Gözlerimi açtığımda hala kanepede yatıyordum. Yeterince rahat ve büyük olmadığı için her yerim tutulmuştu. Saate baktığımda devrireye daha yarım saat olduğunu gördüm. Bu sürede hazırlanmak için ayağa kalktım.
Attığım her adım sesi boş koridorda yankılanıyordu.

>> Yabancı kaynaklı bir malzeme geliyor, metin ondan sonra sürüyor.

lemma lower_index_eq_Sup:
  assumes pos: "\<forall>\<^sub>F x in at_top. 0 < h x"
  shows "lower_index h = Sup (ereal ` {b. lower_exponent h b})"
proof -
  have bound_iff: "ereal D \<le> (INF l\<in>{1..\<Lambda>}. ereal (h (l * x) / (l powr b * h x)))
      \<longleftrightarrow> (\<forall>l\<in>{1..\<Lambda>}. D * l powr b * h x \<le> h (l * x))" if "0 < h x" for x \<Lambda> D b
    using that by (simp add: le_INF_iff pos_le_divide_eq mult.assoc)
  have "(\<exists>D>0. \<forall>\<Lambda>>1. Liminf at_top (\<lambda>x. INF l\<in>{1..\<Lambda>}. ereal (h (l * x) / (l powr b * h x)))
      \<ge> ereal D) \<longleftrightarrow> lower_exponent h b" for b
  proof
    assume "\<exists>D>0. \<forall>\<Lambda>>1. Liminf at_top (\<lambda>x. INF l\<in>{1..\<Lambda>}. ereal (h (l * x) / (l powr b * h x)))
      \<ge> ereal D"
    then obtain D where "0 < D" and D: "\<And>\<Lambda>. 1 < \<Lambda> \<Longrightarrow>
        Liminf at_top (\<lambda>x. INF l\<in>{1..\<Lambda>}. ereal (h (l * x) / (l powr b * h x))) \<ge> ereal D"
      by blast
    have D2: "ereal (D / 2)
        < Liminf at_top (\<lambda>x. INF l\<in>{1..\<Lambda>}. ereal (h (l * x) / (l powr b * h x)))" if "1 < \<Lambda>" for \<Lambda>
      by (rule less_le_trans[OF _ D[OF that]]) (use \<open>0 < D\<close> in simp)
    have "\<forall>\<^sub>F x in at_top. \<forall>l\<in>{1..\<Lambda>}. D / 2 * l powr b * h x \<le> h (l * x)" if "1 < \<Lambda>" for \<Lambda>
      using less_LiminfD[OF D2[OF that]] pos by eventually_elim (subst bound_iff[symmetric], auto)
    then show "lower_exponent h b"
      unfolding lower_exponent_def using \<open>0 < D\<close> by (intro exI[of _ "D / 2"]) auto
  next
    assume "lower_exponent h b"
    then obtain D where "0 < D"
      and D: "\<And>\<Lambda>. 1 < \<Lambda> \<Longrightarrow> \<forall>\<^sub>F x in at_top. \<forall>l\<in>{1..\<Lambda>}. D * l powr b * h x \<le> h (l * x)"
      unfolding lower_exponent_def by blast
    have "Liminf at_top (\<lambda>x. INF l\<in>{1..\<Lambda>}. ereal (h (l * x) / (l powr b * h x))) \<ge> ereal D"
      if "1 < \<Lambda>" for \<Lambda>
      by (rule Liminf_bounded) (use D[OF that] pos in \<open>eventually_elim, simp add: bound_iff\<close>)
    then show "\<exists>D>0. \<forall>\<Lambda>>1. Liminf at_top (\<lambda>x. INF l\<in>{1..\<Lambda>}. ereal (h (l * x) / (l powr b * h x)))
      \<ge> ereal D"
      using \<open>0 < D\<close> by blast
  qed
  then show ?thesis
    unfolding lower_index_def by (auto intro!: arg_cong[where f = Sup])
qed

lemma upper_exponent_nonneg:
  assumes "upper_exponent h a" "mono h" "\<forall>\<^sub>F x in at_top. 0 < h x"
  shows "0 \<le> a"
proof (rule ccontr)
  assume "\<not> 0 \<le> a"
  obtain C where "0 < C"
    and C: "\<And>\<Lambda>. 1 < \<Lambda> \<Longrightarrow> \<forall>\<^sub>F x in at_top. \<forall>l\<in>{1..\<Lambda>}. h (l * x) \<le> C * l powr a * h x"
    using assms(1) unfolding upper_exponent_def by blast
  have "((\<lambda>\<Lambda>. C * \<Lambda> powr a) \<longlongrightarrow> 0) at_top"
    using \<open>\<not> 0 \<le> a\<close> by (intro tendsto_mult_right_zero tendsto_neg_powr filterlim_ident) auto
  then have "\<forall>\<^sub>F \<Lambda> in at_top. C * \<Lambda> powr a < 1"
    by (rule order_tendstoD) simp
  then have "\<forall>\<^sub>F \<Lambda> in at_top. 1 < \<Lambda> \<and> C * \<Lambda> powr a < 1"
    using eventually_gt_at_top[of 1] by eventually_elim simp
  then obtain \<Lambda> where "1 < \<Lambda>" "C * \<Lambda> powr a < 1"
    by (auto simp: eventually_at_top_linorder)
  have "\<forall>\<^sub>F x in at_top. 0 \<le> x \<and> 0 < h x \<and> h (\<Lambda> * x) \<le> C * \<Lambda> powr a * h x"
    using eventually_ge_at_top[of 0] assms(3) C[OF \<open>1 < \<Lambda>\<close>]
    by eventually_elim (use \<open>1 < \<Lambda>\<close> in auto)
  then obtain x where x: "0 \<le> x" "0 < h x" "h (\<Lambda> * x) \<le> C * \<Lambda> powr a * h x"
    by (auto simp: eventually_at_top_linorder)
  have "C * \<Lambda> powr a * h x < h x"
    using mult_strict_right_mono[OF \<open>C * \<Lambda> powr a < 1\<close> \<open>0 < h x\<close>] by simp
  then have "h (\<Lambda> * x) < h x"
    using x(3) by linarith
  moreover have "h x \<le> h (\<Lambda> * x)"
    using \<open>1 < \<Lambda>\<close> x(1) by (intro monoD[OF \<open>mono h\<close>]) (simp add: mult_le_cancel_right1)
  ultimately show False
    by simp
qed

lemma lower_exponent_zero:
  assumes "mono h"
  shows "lower_exponent h 0"
  unfolding lower_exponent_def
proof (intro exI[of _ 1] conjI allI impI)
  show "\<forall>\<^sub>F x in at_top. \<forall>l\<in>{1..\<Lambda>}. 1 * l powr 0 * h x \<le> h (l * x)" for \<Lambda> :: real
    using eventually_ge_at_top[of 0]
    by eventually_elim (auto intro!: monoD[OF assms] simp: mult_le_cancel_right1)
qed simp

lemma scaling_power_le:
  fixes h :: "real \<Rightarrow> real"
  assumes "0 \<le> x0" "1 \<le> \<Lambda>" "0 \<le> K"
    and step: "\<And>x. x0 \<le> x \<Longrightarrow> h (\<Lambda> * x) \<le> K * h x" and "x0 \<le> x"
  shows "h (\<Lambda> ^ k * x) \<le> K ^ k * h x"
proof (induction k)
  case (Suc k)
  have "x \<le> \<Lambda> ^ k * x"
    using assms by (simp add: mult_le_cancel_right1 one_le_power)
  then have "x0 \<le> \<Lambda> ^ k * x"
    using \<open>x0 \<le> x\<close> by linarith
  then have "h (\<Lambda> ^ Suc k * x) \<le> K * h (\<Lambda> ^ k * x)"
    using step by (simp add: mult.assoc)
  also have "\<dots> \<le> K ^ Suc k * h x"
    using mult_left_mono[OF Suc.IH \<open>0 \<le> K\<close>] by simp
  finally show ?case .
qed simp

lemma ex_power_le_less:
  fixes \<Lambda> l :: real
  assumes "1 < \<Lambda>" "1 \<le> l"
  shows "\<exists>k. \<Lambda> ^ k \<le> l \<and> l < \<Lambda> ^ Suc k"
proof -
  obtain n where "l < \<Lambda> ^ n"
    using real_arch_pow[OF \<open>1 < \<Lambda>\<close>] by blast
  then show ?thesis
  proof (induction n)
    case (Suc n)
    then show ?case
      by (cases "l < \<Lambda> ^ n") (auto simp: not_less)
  qed (use \<open>1 \<le> l\<close> in simp)
qed

lemma local_scaling_bound_imp_global:
  fixes h :: "real \<Rightarrow> real"
  assumes "0 \<le> x0" "2 \<le> \<Lambda>" "0 < C" "a \<le> a'" "C * \<Lambda> powr a \<le> \<Lambda> powr a'"
    and nonneg: "\<And>x. x0 \<le> x \<Longrightarrow> 0 \<le> h x"
    and local: "\<And>x l. x0 \<le> x \<Longrightarrow> l \<in> {1..\<Lambda>} \<Longrightarrow> h (l * x) \<le> C * l powr a * h x"
    and "x0 \<le> x" "1 \<le> l"
  shows "h (l * x) \<le> C * l powr a' * h x"
proof -
  obtain k where k: "\<Lambda> ^ k \<le> l" "l < \<Lambda> ^ Suc k"
    using ex_power_le_less[of \<Lambda> l] assms by auto
  define r where "r = l / \<Lambda> ^ k"
  have "1 \<le> r" "r \<le> \<Lambda>" and l_eq: "l = r * \<Lambda> ^ k"
    using k \<open>2 \<le> \<Lambda>\<close> by (simp_all add: r_def field_simps)
  have "x \<le> \<Lambda> ^ k * x"
    using assms by (simp add: mult_le_cancel_right1 one_le_power)
  then have "h (l * x) \<le> C * r powr a * h (\<Lambda> ^ k * x)"
    using local[of "\<Lambda> ^ k * x" r] \<open>x0 \<le> x\<close> \<open>1 \<le> r\<close> \<open>r \<le> \<Lambda>\<close> by (simp add: l_eq mult.assoc)
  also have "\<dots> \<le> C * r powr a * ((C * \<Lambda> powr a) ^ k * h x)"
    using assms local[of _ \<Lambda>]
    by (intro mult_left_mono scaling_power_le[where h = h, OF \<open>0 \<le> x0\<close>]) auto
  also have "\<dots> \<le> C * r powr a * ((\<Lambda> ^ k) powr a' * h x)"
  proof -
    have "(C * \<Lambda> powr a) ^ k \<le> (\<Lambda> powr a') ^ k"
      using assms by (intro power_mono) auto
    also have "\<dots> = (\<Lambda> ^ k) powr a'"
      using \<open>2 \<le> \<Lambda>\<close> by (simp add: powr_power powr_realpow[symmetric] powr_powr mult.commute)
    finally show ?thesis
      using assms by (intro mult_left_mono mult_right_mono) auto
  qed
  also have "\<dots> = C * l powr a * (\<Lambda> ^ k) powr (a' - a) * h x"
    using \<open>2 \<le> \<Lambda>\<close> \<open>1 \<le> r\<close> by (simp add: l_eq powr_mult powr_add[symmetric])
  also have "\<dots> \<le> C * l powr a * l powr (a' - a) * h x"
    using assms k(1) by (intro mult_left_mono mult_right_mono powr_mono2) auto
  also have "\<dots> = C * l powr a' * h x"
    by (simp add: powr_add[symmetric])
  finally show ?thesis .
qed

lemma upper_exponent_imp_global:
  assumes "upper_exponent h a" "a < a'" and pos: "\<forall>\<^sub>F x in at_top. 0 < h x"
  shows "global_upper_exponent h a'"
proof -
  obtain C where "0 < C"
    and C: "\<And>\<Lambda>. 1 < \<Lambda> \<Longrightarrow> \<forall>\<^sub>F x in at_top. \<forall>l\<in>{1..\<Lambda>}. h (l * x) \<le> C * l powr a * h x"
    using assms(1) unfolding upper_exponent_def by blast
  define \<Lambda> where "\<Lambda> = max 2 (C powr (1 / (a' - a)))"
  have "2 \<le> \<Lambda>"
    by (simp add: \<Lambda>_def)
  have "C = (C powr (1 / (a' - a))) powr (a' - a)"
    using \<open>0 < C\<close> \<open>a < a'\<close> by (simp add: powr_powr)
  also have "\<dots> \<le> \<Lambda> powr (a' - a)"
    using \<open>a < a'\<close> by (intro powr_mono2) (auto simp: \<Lambda>_def)
  finally have "C * \<Lambda> powr a \<le> \<Lambda> powr a'"
    using \<open>2 \<le> \<Lambda>\<close> by (simp add: powr_diff field_simps)
  have "\<forall>\<^sub>F x in at_top. 0 \<le> x \<and> 0 < h x \<and> (\<forall>l\<in>{1..\<Lambda>}. h (l * x) \<le> C * l powr a * h x)"
    using eventually_ge_at_top[of 0] pos C[of \<Lambda>] \<open>2 \<le> \<Lambda>\<close> by (simp add: eventually_conj_iff)
  then obtain x0 where
    x0: "\<And>x. x0 \<le> x \<Longrightarrow> 0 \<le> x \<and> 0 < h x \<and> (\<forall>l\<in>{1..\<Lambda>}. h (l * x) \<le> C * l powr a * h x)"
    unfolding eventually_at_top_linorder by blast
  then have "h (l * x) \<le> C * l powr a' * h x" if "x0 \<le> x" "1 \<le> l" for x l
    using local_scaling_bound_imp_global[of x0 \<Lambda> C a a' h x l] that \<open>0 < C\<close> \<open>a < a'\<close>
      \<open>2 \<le> \<Lambda>\<close> \<open>C * \<Lambda> powr a \<le> \<Lambda> powr a'\<close> by force
  then show ?thesis
    by (rule global_upper_exponentI[OF \<open>0 < C\<close> eventually_ge_at_top[of x0]])
qed

lemma lower_exponent_imp_global:
  assumes "lower_exponent h b" "b' < b" and pos: "\<forall>\<^sub>F x in at_top. 0 < h x"
  shows "global_lower_exponent h b'"
proof -
  have le_iff_inverse_le: "D * l powr c * h x \<le> h y
      \<longleftrightarrow> inverse (h y) \<le> inverse D * l powr (- c) * inverse (h x)"
    if "0 < D" "0 < l" "0 < h x" "0 < h y" for D l c x y
    using that by (simp add: powr_minus inverse_le_iff_le flip: inverse_mult_distrib)
  obtain x0 where x0: "\<And>x. x0 \<le> x \<Longrightarrow> 0 < h x"
    using pos unfolding eventually_at_top_linorder by blast
  have pos_scaled: "\<forall>\<^sub>F x in at_top. 0 < h x \<and> (\<forall>l\<ge>1. 0 < h (l * x))"
    using eventually_ge_at_top[of "max 0 x0"]
  proof eventually_elim
    case (elim x)
    then have "x \<le> l * x" if "1 \<le> l" for l
      using that by (simp add: mult_le_cancel_right1)
    then show ?case
      using elim x0 by (meson max.boundedE order.trans)
  qed
  obtain D where "0 < D"
    and D: "\<And>\<Lambda>. 1 < \<Lambda> \<Longrightarrow> \<forall>\<^sub>F x in at_top. \<forall>l\<in>{1..\<Lambda>}. D * l powr b * h x \<le> h (l * x)"
    using assms(1) unfolding lower_exponent_def by blast
  have "upper_exponent (\<lambda>x. inverse (h x)) (- b)"
    unfolding upper_exponent_def
  proof (intro exI[of _ "inverse D"] conjI allI impI)
    show "\<forall>\<^sub>F x in at_top. \<forall>l\<in>{1..\<Lambda>}. inverse (h (l * x)) \<le> inverse D * l powr - b * inverse (h x)"
      if "1 < \<Lambda>" for \<Lambda>
      using D[OF that] pos_scaled by eventually_elim (auto simp: le_iff_inverse_le[OF \<open>0 < D\<close>])
  qed (use \<open>0 < D\<close> in simp)
  then have "global_upper_exponent (\<lambda>x. inverse (h x)) (- b')"
    using \<open>b' < b\<close> pos by (intro upper_exponent_imp_global) (auto elim: eventually_mono)
  then obtain C where "0 < C"
    and C: "\<forall>\<^sub>F x in at_top. \<forall>l\<ge>1. inverse (h (l * x)) \<le> C * l powr - b' * inverse (h x)"
    unfolding global_upper_exponent_def by blast
  show ?thesis
    unfolding global_lower_exponent_def
  proof (intro exI[of _ "inverse C"] conjI)
    show "\<forall>\<^sub>F x in at_top. \<forall>l\<ge>1. inverse C * l powr b' * h x \<le> h (l * x)"
      using C pos_scaled
      by eventually_elim (auto simp: le_iff_inverse_le[of "inverse C"] \<open>0 < C\<close>)
  qed (use \<open>0 < C\<close> in simp)
qed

Bir insanı adım sesinden tanıyabilirmiydiniz?
O tanıyordu.
Derin nefesler eşliğinde uzun ve soğuk koridorları yarılarken karşıdan, İstanbul'dan yeni gelen görevlileri gördüm.
Tam olarak hangi konumdaydılar bilmiyorum ama üstündekilerden pek de bir mevkileri olmadığı belliydi. Yeni alınmış çaylaklardan biri olmalıydılar.
Yanlarından geçerken içlerinden biriyle çok kısa bir an göz göze geldim. Çok kısa bir andı ve hemen yanlarından geçip gitmiştim zaten.
Odamın olduğu demir kapıyı ittirdim ve çıkan sese karşılık yüzümü ekşittim.
Klasik yüksek bel bir siyah pantolon ve uzun kol, boğazlı bir body giydim. Botlarımı giydikten sonra kapının yanındaki komodinin üzerinde duran çakıyı aldım ve botumun içine sıkıştırdım.
Bunu yapmak istemiyordum ama kaçışım da yoktu. Pekala, plan şu; her hangi bir belaya bulaşmadan sessizce mekanı dolaş ve gel. Evet, çok kolay. Ne ters gidebilir ki?
ŞİMDİ OKUDUĞUN
ELFİDA
Ciencia FicciónAşkım için intikam yolumdan vaz geçebilir miyim? Acı bazen öyle zamanlarda gelir ki, öyle bir yakalanırsın ki, o duyduğun acıyı bastırmak için çığlık çığlığa bağırsan bile geçmez. Ateşin üstüne su dökmek gibidir bazen hayat, geçsin diye medet umduğ...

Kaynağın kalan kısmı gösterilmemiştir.